Have a look under ports. No AVR, but there is an Amtel ARM port; interestingly.

Simply not enough HW to run such a thing on an AVR.


This sounds like a challenge...

Let me know how converting a 32-bit codebase to 8-bits works out (I am not saying it is impossible, just that you aren't appreciating the scale of what you are proposing!).

Is there any way you can increase code memory for the arduino?

AFAIK, no.

There is also the tiny matter of having to deal with the Harvard architechture of the device, which wouldn't be a big deal if SRAM was much, much larger. You could potentially use an SPI serial eeprom device, or serial RAM - to make up for the lacking space, but you would have to write your own drivers (or hack the standard C libraries to support them?) to utilize the extra room for data. This would be just to gain extra area for variables, arrays, and such. You would want to add a filesystem (or something similar) on top of that too.
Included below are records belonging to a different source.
(* Let $k>2$, let $T_k$ be the theory of the countable universal homogeneous $k$-uniform hypergraph in $\mathcal{L}_k=\{R\}$ ($R$ $k$-ary), $\mathcal{U}$ a monster model of $T_k$ and $M\prec\mathcal{U}$ a countable elementary submodel. Suppose that $W$ is a Borel $k$-ary hypergraphon. Then $\mu_W$ is $M$-invariant, i.e. $\mu_W(\varphi(x,\bar a))=\mu_W(\varphi(x,\bar b))$ for every $\mathcal{L}_k$-formula $\varphi(x,\bar y)$ and all $\bar a\equiv_M\bar b$.
   Context: Local type spaces. For a finite set $I$ with $1\le|I|\le k-1$, $S^{\flat}_I$ is the space of complete $R$-types over $M$ in the variables $\{x_i:i\in I\}$: maximal consistent sets of formulas $R(\bar x_I,D)$, $\neg R(\bar x_I,D)$ with $D\subseteq M$, $|D|=k-|I|$ (independent of the order of variables; the same applies to any set of named variables). $\lambda_I$ is the Borel probability measure on $S^{\flat}_I$ such that for distinct $D_1,\dots,D_{n+m}\subseteq M$ of size $k-|I|$ the set of types containing $R(\bar x_I,D_l)$ for $l\le n$ and $\neg R(\bar x_I,D_l)$ for $n<l\le n+m$ has measure $2^{-(n+m)}$. For $D\subseteq\mathcal{U}$ with $1\le|D|\le k-1$, $\operatorname{tp}^{\flat}(D)=\{R(\bar x,E):E\subseteq M,|E|=k-|D|,\mathcal{U}\models R(D,E)\}\cup\{\neg R(\bar x,E):\mathcal{U}\models\neg R(D,E)\}$. Hypergraphons. $\mathfrak{m}$ is Lebesgue measure. A $k$-ary hypergraphon is a measurable $W\colon\prod_{I\subseteq[k],1\le|I|\le k-1}[0,1]\to[0,1]$ invariant under the action of $\mathrm{Sym}(k)$ permuting the index sets; Borel if Borel measurable. Fix for each $1\le j\le k-1$ a measure isomorphism between $(S^{\flat}_{[j]},\lambda_{[j]})$ and $([0,1],\mathfrak{m})$, transported to every $S^{\flat}_I$ with $|I|=j$; via these, $W$ is regarded as a function on $\prod_{I}S^{\flat}_I$. The measure $\mu_W$. For finite $B\subseteq M$ and $C\subseteq\mathcal{U}\setminus M$, a complete formula over $BC$ is $\Xi(x,B,C)=\bigwedge R^{\epsilon(B_0,C_0)}(x,B_0,C_0)$ over all $B_0\subseteq B$, $C_0\subseteq C$ with $|B_0|+|C_0|=k-1$, $\epsilon(B_0,C_0)\in\{1,-1\}$, $R^1=R$, $R^{-1}=\neg R$; $\Xi_B$ is the subconjunction with $C_0=\emptyset$. Let $\mathbb{S}_C=\prod_{C_0\subseteq C,1\le|C_0|\le k-2}S^{\flat}_{\{x\}\cup\bar z_{C_0}}$ with fresh variables $\bar z_{C_0}$; $\bar q=(q_{C_0})$; $\bar\lambda$ the product of the $\lambda$-measures on $S^{\flat}_{\{x\}}\times\mathbb{S}_C$. For $C_0=\{c_1,\dots,c_{k-1}\}\subseteq C$, $(p,\mathring{\mathbf{q}}_{[C_0]})$ is the argument of $W$ obtained by identifying $[k]$ with $\{x,c_1,\dots,c_{k-1}\}$, assigning to $\{x\}$ the type $p$, to nonempty $D\subseteq C_0$ the type $\operatorname{tp}^{\flat}(D)$, and to $\{x\}\cup D$ ($\emptyset\ne D\subsetneq C_0$) the type $q_D$. With $W^1=W$, $W^{-1}=1-W$: $\mu_W(\Xi)=\int_{p\in S^{\flat}_{\{x\}}}\int_{\bar q\in\mathbb{S}_C}\mathbf{1}_{\Xi_B}(p)\prod_{C_0\subseteq C,1\le|C_0|\le k-2}\prod_{B_0\subseteq B,|B_0|=k-1-|C_0|}\mathbf{1}[R^{\epsilon(B_0,C_0)}(x,B_0,\bar z_{C_0})\in q_{C_0}]\prod_{C_0\subseteq C,|C_0|=k-1}W^{\epsilon(\emptyset,C_0)}(p,\mathring{\mathbf{q}}_{[C_0]})\,d\bar\lambda$. Finite sets get measure $0$ and $\mu_W$ is extended additively to all formulas (every definable set in $x$ differs by a finite set from a finite disjoint union of complete formulas); this gives a Keisler measure (finitely additive probability measure on formulas) on $\mathcal{L}_x(\mathcal{U})$. *)

theory Defs
  imports "HOL-Probability.Probability"
begin

datatype fm = FEq nat nat | FRel "nat list" | FNeg fm | FConj fm fm | FEx nat fm

text \<open>Satisfaction in a k-uniform hypergraph with vertex set D and edge set G
  (a set of k-element subsets of D); R(v1..vk) holds iff the vi are distinct
  and form an edge. Quantifiers range over D.\<close>
fun sat :: "'a set \<Rightarrow> 'a set set \<Rightarrow> (nat \<Rightarrow> 'a) \<Rightarrow> fm \<Rightarrow> bool" where
  "sat D G v (FEq i j) = (v i = v j)"
| "sat D G v (FRel is) = (distinct (map v is) \<and> set (map v is) \<in> G)"
| "sat D G v (FNeg \<phi>) = (\<not> sat D G v \<phi>)"
| "sat D G v (FConj \<phi> \<psi>) = (sat D G v \<phi> \<and> sat D G v \<psi>)"
| "sat D G v (FEx i \<phi>) = (\<exists>a\<in>D. sat D G (v(i := a)) \<phi>)"

fun fv :: "fm \<Rightarrow> nat set" where
  "fv (FEq i j) = {i, j}"
| "fv (FRel is) = set is"
| "fv (FNeg \<phi>) = fv \<phi>"
| "fv (FConj \<phi> \<psi>) = fv \<phi> \<union> fv \<psi>"
| "fv (FEx i \<phi>) = fv \<phi> - {i}"

fun wf :: "nat \<Rightarrow> fm \<Rightarrow> bool" where
  "wf k (FEq i j) = True"
| "wf k (FRel is) = (length is = k)"
| "wf k (FNeg \<phi>) = wf k \<phi>"
| "wf k (FConj \<phi> \<psi>) = (wf k \<phi> \<and> wf k \<psi>)"
| "wf k (FEx i \<phi>) = wf k \<phi>"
Your best bet, if you are serious about such a thing, would be to look into how old 8-bit operating systems were created; popular ones of the period were CP/M, OS-9, and Flex. I am sure there are open-source or freeware source for such older systems you could study (unfortunately they are probably all written in assembler, targetting a particular CPU, bus, disk subsystem(s), etc).

One that is fairly "detailed", used by many enthusiasts still today, though, is OS-9 for the Motorola 6809 8-bit cpu (TRS-80 Color Computer); the open-source project NitrOS-9 can be found here:


This is essentially the "modern" version of OS-9 for the Color Computer.
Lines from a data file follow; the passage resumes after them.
(* Let $G$ be a connected split graph with at least two vertices. A vertex $v\in V(G)$ is an $\mathcal{F}$-branch leaf of some DFS ordering of $G$ if and only if $v$ is not a cut vertex of $G$.
   Context: Graphs are finite, simple, undirected. A split graph is a graph whose vertex set can be partitioned into a clique and an independent set. A vertex ordering of $G$ is a bijection $\sigma:\{1,\dots,n\}\to V(G)$; $u\prec_\sigma w$ means $u$ comes before $w$. DFS orderings are produced by the label search: initially all labels are $\emptyset$; for $i=1,\dots,n$ choose any unnumbered vertex $x$ such that there is no unnumbered $y$ with $\mathrm{label}(x)\prec\mathrm{label}(y)$, set $\sigma(i)=x$, and add $i$ to the labels of the unnumbered neighbors of $x$, where $A\prec B$ iff ($A=\emptyset$ and $B\neq\emptyset$) or $\max(A)<\max(B)$. The $\mathcal{F}$-tree of $\sigma$ is the spanning tree containing, for each $v\neq\sigma(1)$, the edge from $v$ to its leftmost neighbor in $\sigma$. A vertex $v\neq\sigma(1)$ that is a leaf of the $\mathcal{F}$-tree is an $\mathcal{F}$-branch leaf of $\sigma$. *)

theory Defs
  imports Main
begin

definition graph :: "'a set \<Rightarrow> ('a \<Rightarrow> 'a \<Rightarrow> bool) \<Rightarrow> bool" where
  "graph V E \<longleftrightarrow> finite V \<and> (\<forall>x y. E x y \<longrightarrow> x \<in> V \<and> y \<in> V)
     \<and> (\<forall>x y. E x y \<longrightarrow> E y x) \<and> (\<forall>x. \<not> E x x)"

definition reach_in :: "'a set \<Rightarrow> ('a \<Rightarrow> 'a \<Rightarrow> bool) \<Rightarrow> 'a \<Rightarrow> 'a \<Rightarrow> bool" where
  "reach_in S E = (\<lambda>a b. E a b \<and> a \<in> S \<and> b \<in> S)\<^sup>*\<^sup>*"

definition connected_graph :: "'a set \<Rightarrow> ('a \<Rightarrow> 'a \<Rightarrow> bool) \<Rightarrow> bool" where
  "connected_graph V E \<longleftrightarrow> V \<noteq> {} \<and> (\<forall>x\<in>V. \<forall>y\<in>V. reach_in V E x y)"

text \<open>v is a cut vertex: deleting v disconnects two vertices that were connected
(equivalently, increases the number of connected components).\<close>
definition cut_vertex :: "'a set \<Rightarrow> ('a \<Rightarrow> 'a \<Rightarrow> bool) \<Rightarrow> 'a \<Rightarrow> bool" where
  "cut_vertex V E v \<longleftrightarrow> v \<in> V \<and> (\<exists>x\<in>V - {v}. \<exists>y\<in>V - {v}.
      reach_in V E x y \<and> \<not> reach_in (V - {v}) E x y)"

definition split_graph :: "'a set \<Rightarrow> ('a \<Rightarrow> 'a \<Rightarrow> bool) \<Rightarrow> bool" where
  "split_graph V E \<longleftrightarrow> (\<exists>K I. K \<union> I = V \<and> K \<inter> I = {}
      \<and> (\<forall>x\<in>K. \<forall>y\<in>K. x \<noteq> y \<longrightarrow> E x y) \<and> (\<forall>x\<in>I. \<forall>y\<in>I. \<not> E x y))"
There are probably other resources, too, for "minimalist" 8-bit operating systems. I also know that others here on this forum have created something akin to an OS for the Arduino (some more complex than others) - so this kind of thing is possible to an extent. There are benefits and downsides to using such a system, of course - the biggest one being speed. But you could potentially gain real-time control over the i/o pins and other functionality of the Arduino, plus (if you have a scripting language included - unless there is a way to segment the program flash RAM?) you could have multiple "programs/processes" running at one time (not true multitasking, but something close - more similar to Windows 3.1 than anything).
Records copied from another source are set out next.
(* Let $N\in\mathbb{Z}$ and let $(a_n)_{n\le N}$ be elements of $\mathbb{C}_p$ with $a_n\to0$ as $n\to-\infty$. If the function $\sum_{n=-\infty}^N a_n(\mathbf x-\mathbf 1)^{\star n}$ (a uniformly convergent series in $C(\mathbb{Z}_p,\mathbb{C}_p)$) is identically zero, then $a_n=0$ for all $n\le N$. Consequently every function of the form $\sum_{n=-\infty}^N a_n(\mathbf x-\mathbf 1)^{\star n}$ determines its coefficients $a_n$ uniquely.
   Context: Fix a prime $p$. $\mathbb{C}_p$ denotes the completion of an algebraic closure of $\mathbb{Q}_p$, with absolute value $|\cdot|$ normalized by $|p|=1/p$. $C(\mathbb{Z}_p,\mathbb{C}_p)$ is the $\mathbb{C}_p$-Banach space of continuous functions $\mathbb{Z}_p\to\mathbb{C}_p$ with the sup-norm $\|\cdot\|$. For $n\in\mathbb{Z}_{\ge0}$ and $x\in\mathbb{Z}_p$, $\binom{x}{n}=x(x-1)\cdots(x-n+1)/n!$. For $y\in\mathbb{Z}_p$ and $\phi\in C(\mathbb{Z}_p,\mathbb{C}_p)$, $S^y(\phi)(x)=\sum_{k\ge0}(-1)^k k!\binom yk\binom xk\phi(x-k)$; each $S^y$ is norm-preserving. $\mathbf 1$ is the constant function $1$, $\mathbf x$ is $x\mapsto x$, and for $n\in\mathbb{Z}$, $(\mathbf x-\mathbf 1)^{\star n}:=(-1)^nS^n(\mathbf 1)$ (these have sup-norm $1$). *)

theory Defs
  imports "HOL-Computational_Algebra.Polynomial"
begin

text \<open>We work inside an arbitrary field K of characteristic 0
  carrying an absolute value nrm which is non-archimedean, complete, with nrm p = 1/p, and
  K algebraically closed. Inside K, Q_p is the closure of the rationals, Z_p the closure of
  the integers, and C_p the closure of the set of elements algebraic over Q_p (this is the
  completion of an algebraic closure of Q_p, unique up to isometric isomorphism).\<close>

definition nonarch_abs :: "('a::field_char_0 \<Rightarrow> real) \<Rightarrow> bool" where
  "nonarch_abs nrm \<longleftrightarrow>
     (\<forall>x. nrm x \<ge> 0) \<and> (\<forall>x. nrm x = 0 \<longleftrightarrow> x = 0) \<and>
     (\<forall>x y. nrm (x * y) = nrm x * nrm y) \<and>
     (\<forall>x y. nrm (x + y) \<le> max (nrm x) (nrm y))"

definition nconv :: "('a::field_char_0 \<Rightarrow> real) \<Rightarrow> (nat \<Rightarrow> 'a) \<Rightarrow> 'a \<Rightarrow> bool" where
  "nconv nrm s l \<longleftrightarrow> (\<forall>e>0. \<exists>M. \<forall>m\<ge>M. nrm (s m - l) < e)"

definition ncauchy :: "('a::field_char_0 \<Rightarrow> real) \<Rightarrow> (nat \<Rightarrow> 'a) \<Rightarrow> bool" where
  "ncauchy nrm s \<longleftrightarrow> (\<forall>e>0. \<exists>M. \<forall>m\<ge>M. \<forall>n\<ge>M. nrm (s m - s n) < e)"

definition ncomplete :: "('a::field_char_0 \<Rightarrow> real) \<Rightarrow> bool" where
  "ncomplete nrm \<longleftrightarrow> (\<forall>s. ncauchy nrm s \<longrightarrow> (\<exists>l. nconv nrm s l))"

definition alg_closed_field :: "'a::field itself \<Rightarrow> bool" where
  "alg_closed_field _ \<longleftrightarrow> (\<forall>q::'a poly. degree q > 0 \<longrightarrow> (\<exists>x. poly q x = 0))"

definition padic_ambient :: "nat \<Rightarrow> ('a::field_char_0 \<Rightarrow> real) \<Rightarrow> bool" where
  "padic_ambient p nrm \<longleftrightarrow> prime p \<and> nonarch_abs nrm \<and> ncomplete nrm \<and>
     alg_closed_field TYPE('a) \<and> nrm (of_nat p) = 1 / real p"

definition nclosure :: "('a::field_char_0 \<Rightarrow> real) \<Rightarrow> 'a set \<Rightarrow> 'a set" where
  "nclosure nrm S = {x. \<forall>e>0. \<exists>y\<in>S. nrm (x - y) < e}"

definition Qp :: "('a::field_char_0 \<Rightarrow> real) \<Rightarrow> 'a set" where
  "Qp nrm = nclosure nrm (range of_rat)"

definition Zp :: "('a::field_char_0 \<Rightarrow> real) \<Rightarrow> 'a set" where
  "Zp nrm = nclosure nrm (range of_int)"

definition Cp :: "('a::field_char_0 \<Rightarrow> real) \<Rightarrow> 'a set" where
  "Cp nrm = nclosure nrm
     {x. \<exists>q. q \<noteq> 0 \<and> (\<forall>i. coeff q i \<in> Qp nrm) \<and> poly q x = 0}"

definition nsums :: "('a::field_char_0 \<Rightarrow> real) \<Rightarrow> (nat \<Rightarrow> 'a) \<Rightarrow> 'a \<Rightarrow> bool" where
  "nsums nrm f s \<longleftrightarrow> nconv nrm (\<lambda>m. \<Sum>k<m. f k) s"

definition nsuminf :: "('a::field_char_0 \<Rightarrow> real) \<Rightarrow> (nat \<Rightarrow> 'a) \<Rightarrow> 'a" where
  "nsuminf nrm f = (THE s. nsums nrm f s)"

definition binom :: "'a::field_char_0 \<Rightarrow> nat \<Rightarrow> 'a" where
  "binom x k = (\<Prod>i<k. (x - of_nat i)) / of_nat (fact k)"

definition Sop :: "('a::field_char_0 \<Rightarrow> real) \<Rightarrow> 'a \<Rightarrow> ('a \<Rightarrow> 'a) \<Rightarrow> 'a \<Rightarrow> 'a" where
  "Sop nrm y \<phi> x = nsuminf nrm
     (\<lambda>k. (-1) ^ k * of_nat (fact k) * binom y k * binom x k * \<phi> (x - of_nat k))"

text \<open>(x - 1)^{star n} = (-1)^n S^n(1), for n an integer\<close>
definition xm1_star :: "('a::field_char_0 \<Rightarrow> real) \<Rightarrow> int \<Rightarrow> 'a \<Rightarrow> 'a" where
  "xm1_star nrm n x = (-1) ^ nat \<bar>n\<bar> * Sop nrm (of_int n) (\<lambda>_. 1) x"

end

(* Evaluating the series at x = i, a natural number, makes S^n(1)(i) a finite sum, so the
   functional g \<mapsto> \<Sum>_{n\<le>N} (-1)^n a_n g(n) kills the polynomials
   \<Sum>_{k\<le>i} (-1)^k k! C(i,k) C(y,k). This system is triangular in the binomial basis, so the
   functional kills every C(y,j) and, by y C(y,j) = j C(y,j) + (j+1) C(y,j+1), every polynomial.
   Given n0 \<le> N and \<epsilon> > 0, pick M with |a_n| < \<epsilon> for n \<le> M and apply the functional to
   C(y - M, n0 - M) C(N - y, N - n0): it is integer valued, equals 1 at n0 and 0 at the other
   integers of [M, N], so the ultrametric inequality gives |a_n0| < \<epsilon>.
   Only the non-archimedean property and the completeness of the absolute value are used. *)

theory Submission
  imports Defs
begin

lemma binom_eq_gbinomial: "binom x k = x gchoose k"
  by (simp add: binom_def gbinomial_prod_rev atLeast0LessThan)

lemma gbinomial_Suc_eq: "(a gchoose Suc k) = (a - of_nat k) / of_nat (Suc k) * (a gchoose k)"
  for a :: "'a::field_char_0"
  using gbinomial_mult_1[of a k] by (simp add: field_simps del: of_nat_Suc)

lemma gbinomial_of_nat_self: "(of_nat n gchoose n :: 'a::field_char_0) = 1"
  by (simp flip: binomial_gbinomial)

lemma gbinomial_of_nat_eq_0: "n < k \<Longrightarrow> (of_nat n gchoose k :: 'a::field_char_0) = 0"
  by (simp flip: binomial_gbinomial)

lemma gbinomial_of_int_Ints: "(of_int n gchoose k :: 'a::field_char_0) \<in> \<int>"
  unfolding of_int_gbinomial[symmetric] by (rule Ints_of_int)

definition binomial_bump :: "int \<Rightarrow> int \<Rightarrow> int \<Rightarrow> 'a::field_char_0 \<Rightarrow> 'a"
  where "binomial_bump M n\<^sub>0 N y =
    ((y - of_int M) gchoose nat (n\<^sub>0 - M)) * ((of_int N - y) gchoose nat (N - n\<^sub>0))"

lemma binomial_bump_center:
  "M \<le> n\<^sub>0 \<Longrightarrow> n\<^sub>0 \<le> N \<Longrightarrow> binomial_bump M n\<^sub>0 N (of_int n\<^sub>0 :: 'a::field_char_0) = 1"
  by (simp add: binomial_bump_def gbinomial_of_nat_self flip: of_int_diff of_nat_nat)

lemma binomial_bump_vanishes:
  assumes "M \<le> n" "n \<le> N" "n \<noteq> n\<^sub>0"
  shows "binomial_bump M n\<^sub>0 N (of_int n :: 'a::field_char_0) = 0"
proof (cases "n < n\<^sub>0")
  case True
  then have "(of_int n - of_int M :: 'a) = of_nat (nat (n - M))" "nat (n - M) < nat (n\<^sub>0 - M)"
    using assms by simp_all
  then show ?thesis
    by (simp add: binomial_bump_def gbinomial_of_nat_eq_0)
next
  case False
  then have "(of_int N - of_int n :: 'a) = of_nat (nat (N - n))" "nat (N - n) < nat (N - n\<^sub>0)"
    using assms by simp_all
  then show ?thesis
    by (simp add: binomial_bump_def gbinomial_of_nat_eq_0)
qed

lemma binomial_bump_Ints: "binomial_bump M n\<^sub>0 N (of_int n :: 'a::field_char_0) \<in> \<int>"
  unfolding binomial_bump_def of_int_diff[symmetric] by (intro Ints_mult gbinomial_of_int_Ints)

locale nonarch_absolute_value =
  fixes nrm :: "'a::field_char_0 \<Rightarrow> real"
  assumes nonarch_abs: "nonarch_abs nrm"
begin

lemma nrm_nonneg: "nrm x \<ge> 0"
  using nonarch_abs by (simp add: nonarch_abs_def)

lemma nrm_eq_0_iff [simp]: "nrm x = 0 \<longleftrightarrow> x = 0"
  using nonarch_abs by (simp add: nonarch_abs_def)

lemma nrm_mult: "nrm (x * y) = nrm x * nrm y"
  using nonarch_abs by (simp add: nonarch_abs_def)

lemma nrm_add_le_max: "nrm (x + y) \<le> max (nrm x) (nrm y)"
  using nonarch_abs by (simp add: nonarch_abs_def)

lemma nrm_0 [simp]: "nrm 0 = 0"
  by simp

lemma nrm_pos_iff: "nrm x > 0 \<longleftrightarrow> x \<noteq> 0"
  using nrm_nonneg[of x] nrm_eq_0_iff[of x] by linarith

lemma nrm_1 [simp]: "nrm 1 = 1"
  using nrm_mult[of 1 1] nrm_pos_iff[of 1] by simp

lemma nrm_minus_1 [simp]: "nrm (-1) = 1"
proof -
  have "nrm (-1) ^ 2 = 1"
    by (simp add: power2_eq_square flip: nrm_mult)
  with nrm_nonneg[of "-1"] show ?thesis
    by (auto simp: power2_eq_1_iff)
qed

lemma nrm_minus [simp]: "nrm (- x) = nrm x"
  using nrm_mult[of "-1" x] by simp

lemma nrm_power: "nrm (x ^ k) = nrm x ^ k"
  by (induction k) (simp_all add: nrm_mult)

lemma nrm_minus_commute: "nrm (x - y) = nrm (y - x)"
  by (metis minus_diff_eq nrm_minus)

lemma nrm_add_less: "nrm x < e \<Longrightarrow> nrm y < e \<Longrightarrow> nrm (x + y) < e"
  using nrm_add_le_max[of x y] by linarith

lemma nrm_sum_less:
  assumes "finite A" "e > 0" "\<And>k. k \<in> A \<Longrightarrow> nrm (f k) < e"
  shows "nrm (sum f A) < e"
  using assms by (induction A rule: finite_induct) (auto intro: nrm_add_less)

lemma nrm_of_nat_le_1: "nrm (of_nat n) \<le> 1"
proof (induction n)
  case (Suc n)
  then show ?case
    using nrm_add_le_max[of 1 "of_nat n"] by simp
qed simp

lemma nrm_Ints_le_1: "x \<in> \<int> \<Longrightarrow> nrm x \<le> 1"
  by (elim Ints_cases) (metis nrm_minus nrm_of_nat_le_1 of_int_of_nat)

lemma of_nat_in_Zp: "of_nat i \<in> Zp nrm"
  unfolding Zp_def nclosure_def by (auto intro!: exI[of _ "int i"])

lemma eq_0_if_nrm_less: "(\<And>e. e > 0 \<Longrightarrow> nrm x < e) \<Longrightarrow> x = 0"
  using nrm_pos_iff by blast

lemma nconv_unique:
  assumes "nconv nrm s l" "nconv nrm s l'"
  shows "l = l'"
proof (rule ccontr)
  assume "l \<noteq> l'"
  then have pos: "nrm (l - l') > 0"
    by (simp add: nrm_pos_iff)
  obtain M M' where
    "\<forall>m\<ge>M. nrm (s m - l) < nrm (l - l')" "\<forall>m\<ge>M'. nrm (s m - l') < nrm (l - l')"
    using assms pos unfolding nconv_def by meson
  then have "nrm ((l - s (max M M')) + (s (max M M') - l')) < nrm (l - l')"
    by (metis max.cobounded1 max.cobounded2 nrm_add_less nrm_minus_commute)
  then show False
    by simp
qed

lemma nsuminf_eqI: "nsums nrm f s \<Longrightarrow> nsuminf nrm f = s"
  unfolding nsuminf_def nsums_def by (blast intro: nconv_unique)

lemma nsums_add:
  assumes "nsums nrm f s" "nsums nrm g t"
  shows "nsums nrm (\<lambda>m. f m + g m) (s + t)"
  unfolding nsums_def nconv_def
proof (intro allI impI)
  fix e :: real
  assume "e > 0"
  then obtain M M' where
    "\<forall>m\<ge>M. nrm ((\<Sum>k<m. f k) - s) < e" "\<forall>m\<ge>M'. nrm ((\<Sum>k<m. g k) - t) < e"
    using assms unfolding nsums_def nconv_def by meson
  then have "nrm (((\<Sum>k<m. f k) - s) + ((\<Sum>k<m. g k) - t)) < e" if "m \<ge> max M M'" for m
    using that by (simp add: nrm_add_less)
  then show "\<exists>M. \<forall>m\<ge>M. nrm ((\<Sum>k<m. f k + g k) - (s + t)) < e"
    by (intro exI[of _ "max M M'"]) (simp add: sum.distrib algebra_simps)
qed

lemma nsums_cmult:
  assumes "nsums nrm f s"
  shows "nsums nrm (\<lambda>m. c * f m) (c * s)"
proof (cases "c = 0")
  case True
  then show ?thesis
    by (simp add: nsums_def nconv_def)
next
  case False
  show ?thesis
    unfolding nsums_def nconv_def
  proof (intro allI impI)
    fix e :: real
    assume "e > 0"
    with False obtain M where "\<forall>m\<ge>M. nrm ((\<Sum>k<m. f k) - s) < e / nrm c"
      using assms unfolding nsums_def nconv_def by (meson divide_pos_pos nrm_pos_iff)
    then have "nrm (c * ((\<Sum>k<m. f k) - s)) < e" if "m \<ge> M" for m
      using that False by (simp add: nrm_mult nrm_pos_iff pos_less_divide_eq mult.commute)
    then show "\<exists>M. \<forall>m\<ge>M. nrm ((\<Sum>k<m. c * f k) - c * s) < e"
      by (auto simp: sum_distrib_left right_diff_distrib)
  qed
qed

lemma nsums_sum:
  assumes "finite I" "\<And>i. i \<in> I \<Longrightarrow> nsums nrm (f i) (s i)"
  shows "nsums nrm (\<lambda>m. \<Sum>i\<in>I. f i m) (\<Sum>i\<in>I. s i)"
  using assms
proof (induction I rule: finite_induct)
  case empty
  then show ?case
    by (simp add: nsums_def nconv_def)
next
  case (insert i I)
  then show ?case
    using nsums_add[of "f i" "s i"] by simp
qed

lemma nsums_finite:
  assumes "\<And>k. k > n \<Longrightarrow> f k = 0"
  shows "nsums nrm f (\<Sum>k\<le>n. f k)"
proof -
  have "(\<Sum>k<m. f k) = (\<Sum>k\<le>n. f k)" if "m > n" for m
    using that assms by (intro sum.mono_neutral_right) auto
  then show ?thesis
    unfolding nsums_def nconv_def by (metis Suc_le_lessD diff_self nrm_0)
qed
Ultimately, though, at least on the 168/328 - it would be nothing more than a curiosity and/or learning experience to attempt such an exercise. It reminds me in a great way of when people were hacking QBASIC/QuickBasic to create GUI "operating systems" for DOS, back in the late 1990s. A lot of interesting things came out of that experimentation; maybe the same would be possible for the Arduino.

Perhaps this is one area where a "multi-cpu" Arduino (using SPI or I2C - or even a dedicated parallel bus using the digital i/o lines) could be used as well...?

I will not respond to Arduino help PM's from random forum users; if you have such a question, start a new topic thread.


that post was completely sarcastic (referring to mine)! I have no where even near the skill level to write a bootloader, forget a whole operating system!